Saturday, January 1, 2011

What Is It?


GeoTagged, [N29.89810, E81.30031]

What the hell is this bright ball of Fire in the sky? Oh shit, we're all gonna die!

What?

Oh. Sun? Right. That's supposed to be there.




It's the first day of the new year. If the nutcases are to be believed, it's the last full year we're ever going to experience. Here's a hint: it's not. The Mayans or the Aztecs or whatever hadn't even worked out that dead virgins aren't the currency of the Universe. They sure as hell didn't know jack-shit about it's end (or our end in it).

But what if they were right? I don't want this to turn into one of those what if you only had a year to live things; but what if you only had a year to live? What if humanity only had a year to live?

This is the more important question, to me, because it begins to encroach into the realm of morality and accountability. Since I gave up my illusions about afterlife and the notion of judgement on a grand, divine cosmic scale, I've spent a lot of time thinking about morality, about meaning and purpose.

If I only had a year. If we only had a year (and you can extrapolate this out to 70 or a hundred, later), what would I want to do? What would I consider important? If there is nothing after that year, how should I conduct myself?

A great many of the Christians I talk at (I don't think they hear me), would have me believe that the only thing to do in this scenario is whatever the fuck I want. Pillage, rape, murder (they don't actually say "pillage," but how awesome would it be if they did?).

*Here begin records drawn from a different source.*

(* Work in the cube $[-1,1]^d\subset\mathbb{R}^d$ with the dual cells and shifted dual cells defined in the context. Let $z'=(z'_1,\dots,z'_d)$ have exactly $p$ entries equal to $\bullet$, and $z''$ exactly $q$ entries equal to $\bullet$. Let $I=\{i:z'_i=\bullet\}$ and $J=\{j:z''_j=\bullet\}$. Then: 1. If $I\cap J\neq\emptyset$, then $P^\vee_{z'}\cap\tilde P^\vee_{z''}(\epsilon)=\emptyset$ for every $\epsilon>0$. 2. If $I\cap J=\emptyset$ and for some $k$ one has $\{z'_k,z''_k\}=\{+,-\}$, then $\lim_{\epsilon\to0^+}P^\vee_{z'}\cap\tilde P^\vee_{z''}(\epsilon)$ has dimension lower than $d-p-q$. 3. If for some $k$ either ($z'_k=\bullet$ and $z''_k=+$) or ($z'_k=-$ and $z''_k=\bullet$), then $P^\vee_{z'}\cap\tilde P^\vee_{z''}(\epsilon)=\emptyset$ for every $\epsilon>0$. 4. Suppose $z'_k=z''_k$ whenever both lie in $\{+,-\}$. Suppose further that $z''_k=-$ for every $k$ with $z'_k=\bullet$, and $z'_k=+$ for every $k$ with $z''_k=\bullet$. Then $\lim_{\epsilon\to0^+}P^\vee_{z'}\cap\tilde P^\vee_{z''}(\epsilon)=P^\vee_z$, a $(d-p-q)$-dimensional dual cell. Here $z_k=z'_k=z''_k$ when $z'_k=z''_k\in\{+,-\}$, and $z_k=\bullet$ when $z'_k=\bullet$ or $z''_k=\bullet$.
   Context: For $z\in\{+,-,\bullet\}^d$ with exactly $p$ entries $\bullet$, the dual cell is $$P^\vee_z=\{x\in\mathbb{R}^d: x_i=0 \text{ if } z_i=\bullet,\ x_i\in[0,1]\text{ if }z_i=+,\ x_i\in[-1,0]\text{ if }z_i=-\}.$$ It has dimension $d-p$ and is dual to the $p$-face of $[-1,1]^d$ in which the coordinates with $z_i=\bullet$ vary over $[-1,1]$ and $x_i=z_i$ (read as $\pm1$) otherwise. For $\epsilon>0$ the shifted dual cell is $$\tilde P^\vee_z(\epsilon)=[-1,1]^d\cap\Big\{\epsilon(1,1,\dots,1)+\sum_{i:z_i\neq\bullet}z_it_i\mathbf e_i:\ t_i\ge0\Big\},$$ where $z_i\in\{+,-\}$ is read as $\pm1$ and $\mathbf e_i$ are the standard unit vectors. Limits of sets as $\epsilon\to0^+$ are Hausdorff (Cauchy) limits. *)

theory Defs
  imports "HOL-Analysis.Analysis"
begin

text \<open>Sign vectors z in {+,-,bullet}^d, with d = CARD('n).\<close>
datatype sgn3 = Pl | Mi | Bu

fun sval :: "sgn3 \<Rightarrow> real" where
  "sval Pl = 1" | "sval Mi = -1" | "sval Bu = 0"

definition dual_cell :: "('n::finite \<Rightarrow> sgn3) \<Rightarrow> (real^'n) set" where
  "dual_cell z = {x. \<forall>i. (z i = Bu \<longrightarrow> x$i = 0)
                      \<and> (z i = Pl \<longrightarrow> 0 \<le> x$i \<and> x$i \<le> 1)
                      \<and> (z i = Mi \<longrightarrow> -1 \<le> x$i \<and> x$i \<le> 0)}"

definition shifted_dual_cell :: "('n::finite \<Rightarrow> sgn3) \<Rightarrow> real \<Rightarrow> (real^'n) set" where
  "shifted_dual_cell z eps = cbox (- One) One \<inter>
     {eps *\<^sub>R One + (\<Sum>i\<in>{i. z i \<noteq> Bu}. (sval (z i) * t i) *\<^sub>R axis i 1) | t.
        \<forall>i. t i \<ge> 0}"

text \<open>Hausdorff (Cauchy) convergence of a family of sets S t to a set L along a filter F:
  for every e > 0, eventually each set lies in the open e-neighbourhood of the other.
  (With this definition the empty set is an isolated point, as in the Hausdorff metric.)\<close>
definition set_tendsto :: "('b \<Rightarrow> 'a::metric_space set) \<Rightarrow> 'a set \<Rightarrow> 'b filter \<Rightarrow> bool" where
  "set_tendsto S L F \<longleftrightarrow> (\<forall>e>0. eventually (\<lambda>t. S t \<subseteq> (\<Union>y\<in>L. ball y e) \<and> L \<subseteq> (\<Union>y\<in>S t. ball y e)) F)"

end

theory Submission
  imports Defs
begin

text \<open>
  Coordinatewise, the dual cell of \<open>z\<close> is \<open>[-1,1] \<inter> R(z\<^sub>i, 0)\<close> and the shifted dual cell is
  \<open>[-1,1] \<inter> R(z\<^sub>i, \<epsilon>)\<close>, where \<open>R(+,c) = [c,\<infinity>)\<close>, \<open>R(-,c) = (-\<infinity>,c]\<close> and \<open>R(\<bullet>,c) = {c}\<close>;
  in particular the dual cell is the shifted dual cell at \<open>\<epsilon> = 0\<close>. So the intersection of the
  dual cell of \<open>z'\<close> with the shifted dual cell of \<open>z''\<close> is a box. For \<open>\<epsilon> > 0\<close> it is empty as soon
  as some coordinate has \<open>z'\<^sub>k \<in> {\<bullet>,-}\<close> and \<open>z''\<^sub>k \<in> {\<bullet>,+}\<close>. Otherwise its corners depend
  continuously on \<open>\<epsilon>\<close>, and clamping points onto a nearby box shows that it converges in the
  Hausdorff sense to the box at \<open>\<epsilon> = 0\<close>, the intersection of the two dual cells. That is the dual
  cell of the sign vector which keeps the coordinates where \<open>z'\<close> and \<open>z''\<close> agree and is \<open>\<bullet>\<close>
  elsewhere, so its dimension is \<open>d - p - q\<close> minus the number of coordinates with opposite signs.
\<close>

fun sign_ray :: "sgn3 \<Rightarrow> real \<Rightarrow> real set" where
  "sign_ray Bu e = {e}" | "sign_ray Pl e = {e..}" | "sign_ray Mi e = {..e}"

lemma sign_ray_iff: "x \<in> sign_ray s e \<longleftrightarrow> (\<exists>t\<ge>0. x = e + sval s * t)"
  by (cases s) (auto intro: exI[of _ "x - e"] exI[of _ "e - x"])

lemma One_cart_nth: "(One :: real^'n::finite) $ i = 1"
  using inner_axis[of "One :: real^'n" i 1] by simp

lemma mem_cube_cart: "x \<in> cbox (- One) (One :: real^'n::finite) \<longleftrightarrow> (\<forall>i. x $ i \<in> {-1..1})"
  unfolding mem_box_cart vector_uminus_component One_cart_nth by simp

lemma cone_point_nth:
  fixes z :: "'n::finite \<Rightarrow> sgn3"
  shows "(e *\<^sub>R One + (\<Sum>i\<in>{i. z i \<noteq> Bu}. (sval (z i) * t i) *\<^sub>R axis i 1)) $ j
         = e + sval (z j) * t j"
  unfolding vector_add_component vector_scaleR_component One_cart_nth
  by (cases "z j") (auto simp: axis_def if_distrib cong: if_cong)

lemma shifted_dual_cell_eq:
  "shifted_dual_cell z e = {x. \<forall>i. x $ i \<in> {-1..1} \<inter> sign_ray (z i) e}"
proof -
  have cone: "(\<exists>t. x = e *\<^sub>R One + (\<Sum>i\<in>{i. z i \<noteq> Bu}. (sval (z i) * t i) *\<^sub>R axis i 1)
                    \<and> (\<forall>i. t i \<ge> 0))
        \<longleftrightarrow> (\<forall>i. x $ i \<in> sign_ray (z i) e)" (is "?cone \<longleftrightarrow> _") for x
  proof -
    have "?cone \<longleftrightarrow> (\<exists>t. \<forall>i. t i \<ge> 0 \<and> x $ i = e + sval (z i) * t i)"
      by (simp only: vec_eq_iff cone_point_nth) blast
    also have "\<dots> \<longleftrightarrow> (\<forall>i. \<exists>t\<ge>0. x $ i = e + sval (z i) * t)"
      by (rule choice_iff[symmetric])
    finally show ?thesis
      by (simp only: sign_ray_iff)
  qed
  show ?thesis
    unfolding shifted_dual_cell_def using mem_cube_cart cone by blast
qed

lemma dual_cell_eq: "dual_cell z = {x. \<forall>i. x $ i \<in> {-1..1} \<inter> sign_ray (z i) 0}"
proof -
  have "(z i = Bu \<longrightarrow> v = 0) \<and> (z i = Pl \<longrightarrow> 0 \<le> v \<and> v \<le> 1) \<and> (z i = Mi \<longrightarrow> -1 \<le> v \<and> v \<le> 0)
        \<longleftrightarrow> v \<in> {-1..1} \<inter> sign_ray (z i) 0" for i and v :: real
    by (cases "z i") auto
  then show ?thesis
    unfolding dual_cell_def by presburger
qed

lemma dual_cell_eq_shifted_dual_cell: "dual_cell z = shifted_dual_cell z 0"
  by (simp only: dual_cell_eq shifted_dual_cell_eq)

definition cell_lo :: "sgn3 \<Rightarrow> real \<Rightarrow> real" where
  "cell_lo s e = (if s = Mi then -1 else e)"

definition cell_hi :: "sgn3 \<Rightarrow> real \<Rightarrow> real" where
  "cell_hi s e = (if s = Pl then 1 else e)"

lemma tendsto_cell_lo: "(f \<longlongrightarrow> l) F \<Longrightarrow> ((\<lambda>x. cell_lo s (f x)) \<longlongrightarrow> cell_lo s l) F"
  by (cases "s = Mi") (simp_all add: cell_lo_def)

lemma tendsto_cell_hi: "(f \<longlongrightarrow> l) F \<Longrightarrow> ((\<lambda>x. cell_hi s (f x)) \<longlongrightarrow> cell_hi s l) F"
  by (cases "s = Pl") (simp_all add: cell_hi_def)

lemma cube_Int_sign_ray: "\<bar>e\<bar> \<le> 1 \<Longrightarrow> {-1..1} \<inter> sign_ray s e = {cell_lo s e..cell_hi s e}"
  by (cases s) (auto simp: cell_lo_def cell_hi_def)

lemma shifted_dual_cell_eq_cbox:
  "\<bar>e\<bar> \<le> 1 \<Longrightarrow>
   shifted_dual_cell z e = cbox (\<chi> i. cell_lo (z i) e) (\<chi> i. cell_hi (z i) e)"
  by (simp add: shifted_dual_cell_eq cube_Int_sign_ray interval_cart)

lemma closed_dual_cell: "closed (dual_cell z)"
  by (simp add: dual_cell_eq_shifted_dual_cell shifted_dual_cell_eq_cbox closed_cbox)

definition sign_compatible :: "sgn3 \<Rightarrow> sgn3 \<Rightarrow> bool" where
  "sign_compatible a b \<longleftrightarrow> a = Pl \<or> b = Mi"

lemma sign_ray_Int_eq_empty:
  "0 < e \<Longrightarrow> \<not> sign_compatible a b \<Longrightarrow> sign_ray a 0 \<inter> sign_ray b e = {}"
  by (cases a; cases b) (auto simp: sign_compatible_def)

lemma dual_cell_Int_shifted_dual_cell_eq_empty:
  assumes "\<exists>k. \<not> sign_compatible (z' k) (z'' k)"
  shows "\<forall>e>0. dual_cell z' \<inter> shifted_dual_cell z'' e = {}"
  using assms sign_ray_Int_eq_empty
  unfolding dual_cell_eq_shifted_dual_cell shifted_dual_cell_eq by blast

lemma cell_interval_nonempty:
  "sign_compatible a b \<Longrightarrow> 0 \<le> e \<Longrightarrow> e \<le> 1 \<Longrightarrow>
   max (cell_lo a 0) (cell_lo b e) \<le> min (cell_hi a 0) (cell_hi b e)"
  by (cases a; cases b) (auto simp: sign_compatible_def cell_lo_def cell_hi_def)

definition sign_meet :: "sgn3 \<Rightarrow> sgn3 \<Rightarrow> sgn3" where
  "sign_meet a b = (if a = b then a else Bu)"

lemma sign_ray_Int_sign_ray_zero: "sign_ray a 0 \<inter> sign_ray b 0 = sign_ray (sign_meet a b) 0"
  by (cases a; cases b) (auto simp: sign_meet_def)

lemma dual_cell_Int_dual_cell:
  "dual_cell z' \<inter> dual_cell z'' = dual_cell (\<lambda>i. sign_meet (z' i) (z'' i))"
  unfolding dual_cell_eq using sign_ray_Int_sign_ray_zero by blast

lemma aff_dim_le_card_support:
  fixes S :: "(real^'n::finite) set"
  assumes "S \<subseteq> {x. \<forall>i. i \<notin> F \<longrightarrow> x $ i = 0}"
  shows "aff_dim S \<le> int (card F)"
proof -
  have "subspace {x::real^'n. \<forall>i. i \<notin> F \<longrightarrow> x $ i = 0}"
    unfolding subspace_def by auto
  then have "aff_dim {x::real^'n. \<forall>i. i \<notin> F \<longrightarrow> x $ i = 0} = int (card F)"
    using dim_substandard_cart[where 'a=real and d=F] by (simp add: aff_dim_subspace dim_vec_eq)
  then show ?thesis
    using aff_dim_subset[OF assms] by simp
qed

But the truth is this: my life has no meaning or purpose beyond what I give it. My morality comes into play only in what meaning and purpose I choose to ascribe to life (Curly's "one thing" from the movie City Slickers).

The only thing I can come up with, the only purpose I can fathom, is to make the lives of those around me as pleasant and enjoyable and HOLY-FUCKSHIT-AWESOME as I possibly can. There is no way to live on after this life, except in the memories of our fellow humans, and in the stories we tell and that are told about us.

I feel that I have been somewhat remiss in these duties, of late.

My friends and family might tell a story of me to their children after I'm gone. Perhaps stories of my own will outlive my all too short life. What will they say about me? What impact will I make on the next generation? The one after that? If any, it can only be a small one. There's already been a Santa Claus, I don't think my life story could reach such epic exaggeration and lasting influence.

So I (we) really can't rely on doing right by others in order to live on through them. Not overtly, at any rate. The only reason to be, then, that I can see, is to experience as much of life as possible. To do everything that there is to do and to share it with as many people as I can.

I don't murder or rape or even pillage. Not because there's some all-seeing sky daddy out there who's going to spank me, but because I recognize in those around me, in you, that same predicament. What right have I to take your stuff, your life? No more right than you have to mine.

It may be only our mutual agreement that this is a bad thing that keeps us from each other's throats, but so long as we can agree to it, we can share in the only thing there is to live for.

One another. The shared accumulation of fourteen billion lifetimes all crammed into the last year of humanity.

I guess it's a good thing we've got more than just a year left.